*Aim of the exercise*.
Return only the tail of the data below, word for word: the line with "using D G by measurable" and each line after it through the final one.

*Supplied entries*.
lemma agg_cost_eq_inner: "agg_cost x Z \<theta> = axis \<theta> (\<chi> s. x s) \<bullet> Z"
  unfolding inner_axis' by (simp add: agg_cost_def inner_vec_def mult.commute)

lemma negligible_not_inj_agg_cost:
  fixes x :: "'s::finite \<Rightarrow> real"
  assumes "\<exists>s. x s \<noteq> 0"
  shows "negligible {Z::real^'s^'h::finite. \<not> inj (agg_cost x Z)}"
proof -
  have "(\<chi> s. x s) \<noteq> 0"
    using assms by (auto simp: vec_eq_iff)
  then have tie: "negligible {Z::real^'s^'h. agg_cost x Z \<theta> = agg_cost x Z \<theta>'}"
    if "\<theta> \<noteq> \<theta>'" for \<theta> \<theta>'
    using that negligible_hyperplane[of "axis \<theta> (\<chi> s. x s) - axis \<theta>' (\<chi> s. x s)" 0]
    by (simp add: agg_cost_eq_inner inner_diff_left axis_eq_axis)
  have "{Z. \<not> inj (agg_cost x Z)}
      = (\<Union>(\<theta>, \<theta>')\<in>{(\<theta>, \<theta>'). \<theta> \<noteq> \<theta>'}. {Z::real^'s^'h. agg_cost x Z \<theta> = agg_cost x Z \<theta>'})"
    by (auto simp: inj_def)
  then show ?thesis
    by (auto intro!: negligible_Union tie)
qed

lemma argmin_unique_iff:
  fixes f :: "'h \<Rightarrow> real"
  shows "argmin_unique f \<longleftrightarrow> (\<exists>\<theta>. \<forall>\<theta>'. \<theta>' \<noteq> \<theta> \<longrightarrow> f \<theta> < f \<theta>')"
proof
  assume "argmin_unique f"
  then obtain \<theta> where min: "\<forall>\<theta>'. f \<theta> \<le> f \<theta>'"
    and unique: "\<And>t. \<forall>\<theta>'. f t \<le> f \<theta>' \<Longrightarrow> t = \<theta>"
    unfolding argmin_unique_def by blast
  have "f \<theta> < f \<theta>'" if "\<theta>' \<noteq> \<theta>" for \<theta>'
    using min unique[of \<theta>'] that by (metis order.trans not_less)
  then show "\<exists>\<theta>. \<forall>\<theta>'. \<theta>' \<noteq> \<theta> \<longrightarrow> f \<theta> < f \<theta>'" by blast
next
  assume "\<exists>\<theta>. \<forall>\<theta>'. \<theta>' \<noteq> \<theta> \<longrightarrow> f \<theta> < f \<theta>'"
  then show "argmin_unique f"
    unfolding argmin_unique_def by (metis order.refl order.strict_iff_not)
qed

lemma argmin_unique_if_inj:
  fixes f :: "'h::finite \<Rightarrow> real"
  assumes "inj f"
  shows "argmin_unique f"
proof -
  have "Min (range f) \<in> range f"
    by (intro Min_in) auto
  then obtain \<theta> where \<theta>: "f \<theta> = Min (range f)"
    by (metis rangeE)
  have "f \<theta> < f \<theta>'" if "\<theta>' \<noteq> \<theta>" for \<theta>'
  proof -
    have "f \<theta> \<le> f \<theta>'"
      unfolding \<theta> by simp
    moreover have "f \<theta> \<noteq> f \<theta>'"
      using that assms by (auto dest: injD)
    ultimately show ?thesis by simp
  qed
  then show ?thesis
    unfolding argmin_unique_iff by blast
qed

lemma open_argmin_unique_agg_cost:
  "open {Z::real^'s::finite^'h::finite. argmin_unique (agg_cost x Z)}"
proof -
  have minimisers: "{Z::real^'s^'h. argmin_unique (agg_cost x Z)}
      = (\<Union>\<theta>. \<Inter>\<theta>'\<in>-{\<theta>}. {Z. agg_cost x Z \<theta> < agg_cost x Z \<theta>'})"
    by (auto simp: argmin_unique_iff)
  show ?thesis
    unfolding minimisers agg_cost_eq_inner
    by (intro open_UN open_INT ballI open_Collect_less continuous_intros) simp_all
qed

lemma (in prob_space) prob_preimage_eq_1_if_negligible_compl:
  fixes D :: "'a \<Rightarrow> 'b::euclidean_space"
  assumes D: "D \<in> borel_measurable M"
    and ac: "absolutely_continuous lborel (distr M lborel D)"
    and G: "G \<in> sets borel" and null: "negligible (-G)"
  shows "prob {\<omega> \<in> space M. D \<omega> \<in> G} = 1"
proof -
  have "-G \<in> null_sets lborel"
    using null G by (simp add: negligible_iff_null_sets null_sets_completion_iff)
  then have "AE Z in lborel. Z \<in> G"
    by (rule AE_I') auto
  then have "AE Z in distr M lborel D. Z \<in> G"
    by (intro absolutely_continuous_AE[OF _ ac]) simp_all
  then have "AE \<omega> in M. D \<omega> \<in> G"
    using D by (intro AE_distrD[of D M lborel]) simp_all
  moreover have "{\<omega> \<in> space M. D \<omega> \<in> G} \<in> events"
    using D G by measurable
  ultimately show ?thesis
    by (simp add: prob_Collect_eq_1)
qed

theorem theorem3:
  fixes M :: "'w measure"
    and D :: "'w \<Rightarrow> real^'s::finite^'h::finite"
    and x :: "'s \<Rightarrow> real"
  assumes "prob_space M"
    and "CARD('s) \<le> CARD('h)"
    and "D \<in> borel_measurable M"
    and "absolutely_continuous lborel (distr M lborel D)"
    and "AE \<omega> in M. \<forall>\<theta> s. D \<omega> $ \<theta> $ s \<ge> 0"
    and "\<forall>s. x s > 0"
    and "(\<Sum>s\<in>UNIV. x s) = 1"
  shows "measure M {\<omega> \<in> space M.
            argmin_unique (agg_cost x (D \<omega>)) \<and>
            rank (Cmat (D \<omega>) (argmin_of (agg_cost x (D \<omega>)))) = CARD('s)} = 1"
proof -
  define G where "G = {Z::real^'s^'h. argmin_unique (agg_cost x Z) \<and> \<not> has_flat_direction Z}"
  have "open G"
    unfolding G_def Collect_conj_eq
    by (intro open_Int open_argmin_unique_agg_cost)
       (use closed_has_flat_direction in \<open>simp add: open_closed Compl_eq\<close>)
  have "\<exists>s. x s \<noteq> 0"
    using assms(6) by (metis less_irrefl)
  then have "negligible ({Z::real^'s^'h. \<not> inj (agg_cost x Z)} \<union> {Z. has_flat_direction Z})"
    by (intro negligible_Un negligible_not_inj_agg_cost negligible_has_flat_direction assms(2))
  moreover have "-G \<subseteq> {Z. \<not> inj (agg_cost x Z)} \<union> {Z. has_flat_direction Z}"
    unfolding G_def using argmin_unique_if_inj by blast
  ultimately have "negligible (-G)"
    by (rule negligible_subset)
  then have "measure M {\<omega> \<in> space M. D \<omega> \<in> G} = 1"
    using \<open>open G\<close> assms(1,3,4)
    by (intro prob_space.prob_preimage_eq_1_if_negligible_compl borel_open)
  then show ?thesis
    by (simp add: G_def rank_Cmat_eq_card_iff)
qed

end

*Output for this task*.
    using D G by measurable
  ultimately show ?thesis
    by (simp add: prob_Collect_eq_1)
qed

theorem theorem3:
  fixes M :: "'w measure"
    and D :: "'w \<Rightarrow> real^'s::finite^'h::finite"
    and x :: "'s \<Rightarrow> real"
  assumes "prob_space M"
    and "CARD('s) \<le> CARD('h)"
    and "D \<in> borel_measurable M"
    and "absolutely_continuous lborel (distr M lborel D)"
    and "AE \<omega> in M. \<forall>\<theta> s. D \<omega> $ \<theta> $ s \<ge> 0"
    and "\<forall>s. x s > 0"
    and "(\<Sum>s\<in>UNIV. x s) = 1"
  shows "measure M {\<omega> \<in> space M.
            argmin_unique (agg_cost x (D \<omega>)) \<and>
            rank (Cmat (D \<omega>) (argmin_of (agg_cost x (D \<omega>)))) = CARD('s)} = 1"
proof -
  define G where "G = {Z::real^'s^'h. argmin_unique (agg_cost x Z) \<and> \<not> has_flat_direction Z}"
  have "open G"
    unfolding G_def Collect_conj_eq
    by (intro open_Int open_argmin_unique_agg_cost)
       (use closed_has_flat_direction in \<open>simp add: open_closed Compl_eq\<close>)
  have "\<exists>s. x s \<noteq> 0"
    using assms(6) by (metis less_irrefl)
  then have "negligible ({Z::real^'s^'h. \<not> inj (agg_cost x Z)} \<union> {Z. has_flat_direction Z})"
    by (intro negligible_Un negligible_not_inj_agg_cost negligible_has_flat_direction assms(2))
  moreover have "-G \<subseteq> {Z. \<not> inj (agg_cost x Z)} \<union> {Z. has_flat_direction Z}"
    unfolding G_def using argmin_unique_if_inj by blast
  ultimately have "negligible (-G)"
    by (rule negligible_subset)
  then have "measure M {\<omega> \<in> space M. D \<omega> \<in> G} = 1"
    using \<open>open G\<close> assms(1,3,4)
    by (intro prob_space.prob_preimage_eq_1_if_negligible_compl borel_open)
  then show ?thesis
    by (simp add: G_def rank_Cmat_eq_card_iff)
qed

end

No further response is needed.